Which model is it? The one I saw was VERY rudimentary. It was basically a bag of water and a hose. My problem would be that I think there is too little water.

And I have to agree with you. I would need to be in the middle of nowhere to use it because it certainly wouldn't replace the campground shower or the even the trailer's little shower.


----------



## ctfortner (Nov 16, 2007)

We dont have one on our travel trailer, but I could see the pros of having one. Having a dog and a young one, an outdoor shower would be great for hosing them off. I would probably use it for washing my hands when I am outside as well. It wouldnt be a deal breaker for me, but my next one will have one :thumbup1:


----------



## antigua (Dec 17, 2007)

I have one on mine and I think it's great. It's hooked up to the trailer with water pressure wether you're hooked up to the park water or the pump on the trailer. I get both hot and cold water. I have a small dog that likes to get dirty and two kids that like to get sticky and dirty and I rinse them off without tracking the dirt into the trailer. It's also good to rinse off the shoes when you step in something that the little dog left behind. Ya.....All to often for me I'm afraid. I would recommend it but if it wasn't there I wouldn't miss it either. It's a nice bonus if anything.


----------



## rcButterfly (Jan 11, 2008)

We have on on ours and simply could not be without it. I didnt think we would use it that much, however as you mentioned, cleaning up the kids, pets, shoes, or just washing your hands, its one of the handiest things we have. We use it all the time.


----------



## bill0830 (Nov 16, 2007)

Comes in real handy, especially with small children, especially if they have been swimming or playing outside. I use mine when I dump the tanks as it is located right above my valves. Really handy and nice option. :thumbup2:


----------



## l2l (Jan 27, 2008)

I have an outdoor shower on my new (To Me) trailer and boy did it ever come in handy this past summer!

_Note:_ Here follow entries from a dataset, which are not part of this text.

lemma typed_comp1:
  assumes "1 \<notin> fv t" "0 \<in> fv u" "typed G (Sub (Sub t u) v) \<tau> n"
  shows "\<exists>n'\<le>n. typed G (Sub (decr 1 t) (Sub u v)) \<tau> n'"
proof -
  from assms(3) obtain G1 G2 D1 D2 Mu Mv nt mu mv where h:
    "typed (case_nat Mu D1) t \<tau> nt" "Mu \<noteq> {#}" "mtyped D2 u Mu mu"
    "D1 0 + D2 0 \<subseteq># Mv" "env_tl D1 + env_tl D2 \<preceq> G1"
    "Mv \<noteq> {#}" "mtyped G2 v Mv mv" "G1 + G2 \<preceq> G" "n = nt + mu + mv"
    by (rule typed_Sub_SubE)
  have t': "typed (case_nat Mu (env_tl D1)) (decr 1 t) \<tau> nt"
    using typed_decr1[OF assms(1)] h(1) by (metis case_nat_env_tl)
  obtain H m' where u': "mtyped H (Sub u v) Mu (mu + m')" "m' \<le> mv" "H \<preceq> env_tl D2 + G2"
    using mtyped_Sub_intro[OF h(3) assms(2) h(7) submset_addD(2)[OF h(4)]] by blast
  have "env_tl D1 + H \<preceq> (env_tl D1 + env_tl D2) + G2"
    using env_le_add_mono[OF env_le_refl[of "env_tl D1"] u'(3)] by (simp add: add.assoc)
  also have "\<dots> \<preceq> G" using env_le_trans[OF env_le_add_mono[OF h(5) env_le_refl[of G2]] h(8)] .
  finally have "typed G (Sub (decr 1 t) (Sub u v)) \<tau> (nt + (mu + m'))"
    using tSub[OF t' h(2) u'(1)] by blast
  moreover have "nt + (mu + m') \<le> n" using h(9) u'(2) by simp
  ultimately show ?thesis by blast
qed

lemma typed_comp2:
  assumes "1 \<in> fv t" "0 \<in> fv u" "typed G (Sub (Sub t u) v) \<tau> n"
  shows "\<exists>n'\<le>n. typed G (Sub (Sub (swap 0 t) (lift 0 v)) (Sub u v)) \<tau> n'"
proof -
  from assms(3) obtain G1 G2 D1 D2 Mu Mv nt mu mv where h:
    "typed (case_nat Mu D1) t \<tau> nt" "Mu \<noteq> {#}" "mtyped D2 u Mu mu"
    "D1 0 + D2 0 \<subseteq># Mv" "env_tl D1 + env_tl D2 \<preceq> G1"
    "Mv \<noteq> {#}" "mtyped G2 v Mv mv" "G1 + G2 \<preceq> G" "n = nt + mu + mv"
    by (rule typed_Sub_SubE)
  text \<open>Split the typing of v between the copy staying with t and the one going into u.\<close>
  note Mv = submset_split[OF h(4)]
  obtain Ga Gb ma mb where sp: "mtyped Ga v (D1 0) ma" "mtyped Gb v (Mv - D1 0) mb"
    "mv = ma + mb" "Ga + Gb \<preceq> G2"
    using mtyped_split[OF h(7) conjunct1[OF Mv]] by blast
  have "D1 0 \<noteq> {#}" using typed_fv[OF h(1) assms(1)] by simp
  moreover have "typed (case_nat (D1 0) (case_nat Mu (env_tl D1))) (swap 0 t) \<tau> nt"
    using typed_swap0[of Mu "D1 0" "env_tl D1"] h(1) by simp
  moreover have "case_nat Mu (env_tl D1) + case_nat {#} Ga \<preceq> case_nat Mu (env_tl D1 + Ga)"
    by (simp add: case_nat_add)
  ultimately have inner: "typed (case_nat Mu (env_tl D1 + Ga)) (Sub (swap 0 t) (lift 0 v)) \<tau> (nt + ma)"
    using tSub mtyped_lift0[OF sp(1)] by blast
  obtain H m' where u': "mtyped H (Sub u v) Mu (mu + m')" "m' \<le> mb" "H \<preceq> env_tl D2 + Gb"
    using mtyped_Sub_intro[OF h(3) assms(2) sp(2) conjunct2[OF Mv]] by blast
  have "(env_tl D1 + Ga) + H \<preceq> (env_tl D1 + env_tl D2) + (Ga + Gb)"
    using env_le_add_mono[OF env_le_refl[of "env_tl D1 + Ga"] u'(3)] by (simp add: add_ac)
  also have "\<dots> \<preceq> G" using env_le_trans[OF env_le_add_mono[OF h(5) sp(4)] h(8)] .
  finally have "typed G (Sub (Sub (swap 0 t) (lift 0 v)) (Sub u v)) \<tau> (nt + ma + (mu + m'))"
    using tSub[OF inner h(2) u'(1)] by blast
  moreover have "nt + ma + (mu + m') \<le> n" using h(9) u'(2) sp(3) by simp
  ultimately show ?thesis by blast
qed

My dog decided that she would chase this pretty black and white cat one late night, only one problem with this plan of hers, it was a SKUNK and yup you guessed it she got NIALED..

Long story short that outdoor shower came in handy BIG TIME as I was able to give her a bath outside and keep the stink where it belongs, OUTSIDE.

My advice is that if you have the option to get one TAKE IT, you never know when you may need it!


----------



## cricket2 (Nov 16, 2007)

Appreciate all of the info everyone, it sounds like the shower would be a good option after reading this. I guess like you said, it would be better to have it and not use it, to not have it at all. It will come in handy for something I feel sure of that.


----------